=== Section Start ===

lemma sum_edges_V:
  "(\<Sum>e\<in>edges_V k n. g (fst e) (snd e)) = (\<Sum>y\<in>ball_V k n - {[]}. g (butlast y) y)"
proof -
  have "edges_V k n = (\<lambda>y. (butlast y, y)) ` (ball_V k n - {[]})"
    by (auto simp: edges_V_def image_iff) (metis append_butlast_last_id)
  then show ?thesis
    by (simp add: sum.reindex inj_on_def)
qed

lemma sphere_W_Suc_eq_image:
  assumes "n \<ge> 1"
  shows "sphere_W k (Suc n) = (\<lambda>(x, i). x @ [i]) ` (sphere_W k n \<times> {..<k})"
proof
  show "(\<lambda>(x, i). x @ [i]) ` (sphere_W k n \<times> {..<k}) \<subseteq> sphere_W k (Suc n)"
    using assms by (auto simp: sphere_W_def cayley_vertex_snoc)
next
  show "sphere_W k (Suc n) \<subseteq> (\<lambda>(x, i). x @ [i]) ` (sphere_W k n \<times> {..<k})"
  proof
    fix y assume y: "y \<in> sphere_W k (Suc n)"
    then obtain x i where "y = x @ [i]"
      by (cases y rule: rev_cases) (auto simp: sphere_W_def)
    with y assms show "y \<in> (\<lambda>(x, i). x @ [i]) ` (sphere_W k n \<times> {..<k})"
      by (auto simp: sphere_W_def cayley_vertex_snoc split: if_splits)
  qed
qed

lemma sum_sphere_W_Suc_butlast:
  assumes "n \<ge> 1"
  shows "(\<Sum>y\<in>sphere_W k (Suc n). g (butlast y)) = real k * (\<Sum>x\<in>sphere_W k n. g x)"
proof -
  have "(\<Sum>y\<in>sphere_W k (Suc n). g (butlast y)) = (\<Sum>(x, i)\<in>sphere_W k n \<times> {..<k}. g x)"
    unfolding sphere_W_Suc_eq_image[OF assms] by (subst sum.reindex) (auto simp: inj_on_def intro!: sum.cong)
  also have "\<dots> = real k * (\<Sum>x\<in>sphere_W k n. g x)"
    by (simp add: sum.cartesian_product[symmetric] sum_distrib_left)
  finally show ?thesis .
qed

lemma card_ball_V_ge:
  assumes "k \<ge> 1"
  shows "n \<le> card (ball_V k n)"
proof -
  have "cayley_vertex k (replicate m 0)" for m
    using assms by (cases m) (auto simp: cayley_vertex_def)
  then have "(\<lambda>m. replicate m 0) ` {..<n} \<subseteq> ball_V k n"
    by (auto simp: ball_V_def)
  from card_mono[OF finite_ball_V this] show ?thesis
    by (simp add: card_image inj_on_def)
qed
(* Let $X,Y$ be compact metric spaces and let $\mathcal G\subset\mathrm{Homeo}(X)$, $\mathcal H\subset\mathrm{Homeo}(Y)$ be finitely generated pseudogroups strongly isomorphic via a homeomorphism $\varphi:X\to Y$; let $\mathcal G_1$ be a finite generating set of $\mathcal G$ and $\mathcal H_1=\{\varphi\circ g\circ\varphi^{-1}:g\in\mathcal G_1\}$. If a Borel probability measure $\mu$ on $X$ is $(\mathcal G,\mathcal G_1)$-expansive with some constant $\eta>0$, then there exists $\delta>0$ such that $\varphi_*\mu$ is $(\mathcal H,\mathcal H_1)$-expansive with constant $\delta$.
   Context: $\mathrm{Homeo}(X)$: homeomorphisms $g:D_g\to R_g$ between open subsets of $X$, composed on natural domains $D_{h\circ g}=g^{-1}(D_h)$. A pseudogroup is a subset of $\mathrm{Homeo}(X)$ containing $\mathrm{id}_X$, closed under composition, inversion, restriction to open subsets, and gluing along open covers of the domain; $\Gamma$ generates $\mathcal G$ if $\bigcup_{g\in\Gamma}(D_g\cup R_g)=X$ and $\mathcal G$ is exactly the set of $g\in\mathrm{Homeo}(X)$ locally equal near each point of $D_g$ to a finite composition of elements of $\Gamma$ and their inverses. $\mathcal G,\mathcal H$ are strongly isomorphic via $\varphi$ if for every $f\in\mathrm{Homeo}(X)$: $\varphi\circ f\circ\varphi^{-1}\in\mathcal H$ iff $f\in\mathcal G$. For a pseudogroup with finite generating set $\Gamma$: $\Gamma_n=\{g_1\circ\cdots\circ g_n:g_i\in\Gamma\}$, $\Gamma_n^x=\{g\in\Gamma_n:x\in D_g\}$, $\Phi_\delta(x)=\{y: d(g(x),g(y))\le\delta\ \forall n\in\mathbb N,\ \forall g\in\Gamma_n^x\cap\Gamma_n^y\}$. A Borel probability measure $\mu$ is expansive with constant $\delta$ for $(\mathcal G,\Gamma)$ if $\mu(\Phi_\delta(x))=0$ for every point $x$. $\varphi_*\mu=\mu\circ\varphi^{-1}$. *)

theory Defs
  imports "HOL-Probability.Probability"
begin

text \<open>Elements of Homeo(X) are represented as partial maps 'a \<rightharpoonup> 'a:
  the domain D_g is dom g, the range R_g is ran g.\<close>

type_synonym 'a pmap = "'a \<Rightarrow> 'a option"

definition pfun :: "'a pmap \<Rightarrow> 'a \<Rightarrow> 'a" where
  "pfun g x = the (g x)"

=== Section End ===

## Task brief
The word to look for is "subseteq"; copy out every line of the entries that holds it.

## Exercise answer
  show "(\<lambda>(x, i). x @ [i]) ` (sphere_W k n \<times> {..<k}) \<subseteq> sphere_W k (Suc n)"
  show "sphere_W k (Suc n) \<subseteq> (\<lambda>(x, i). x @ [i]) ` (sphere_W k n \<times> {..<k})"
  then have "(\<lambda>m. replicate m 0) ` {..<n} \<subseteq> ball_V k n"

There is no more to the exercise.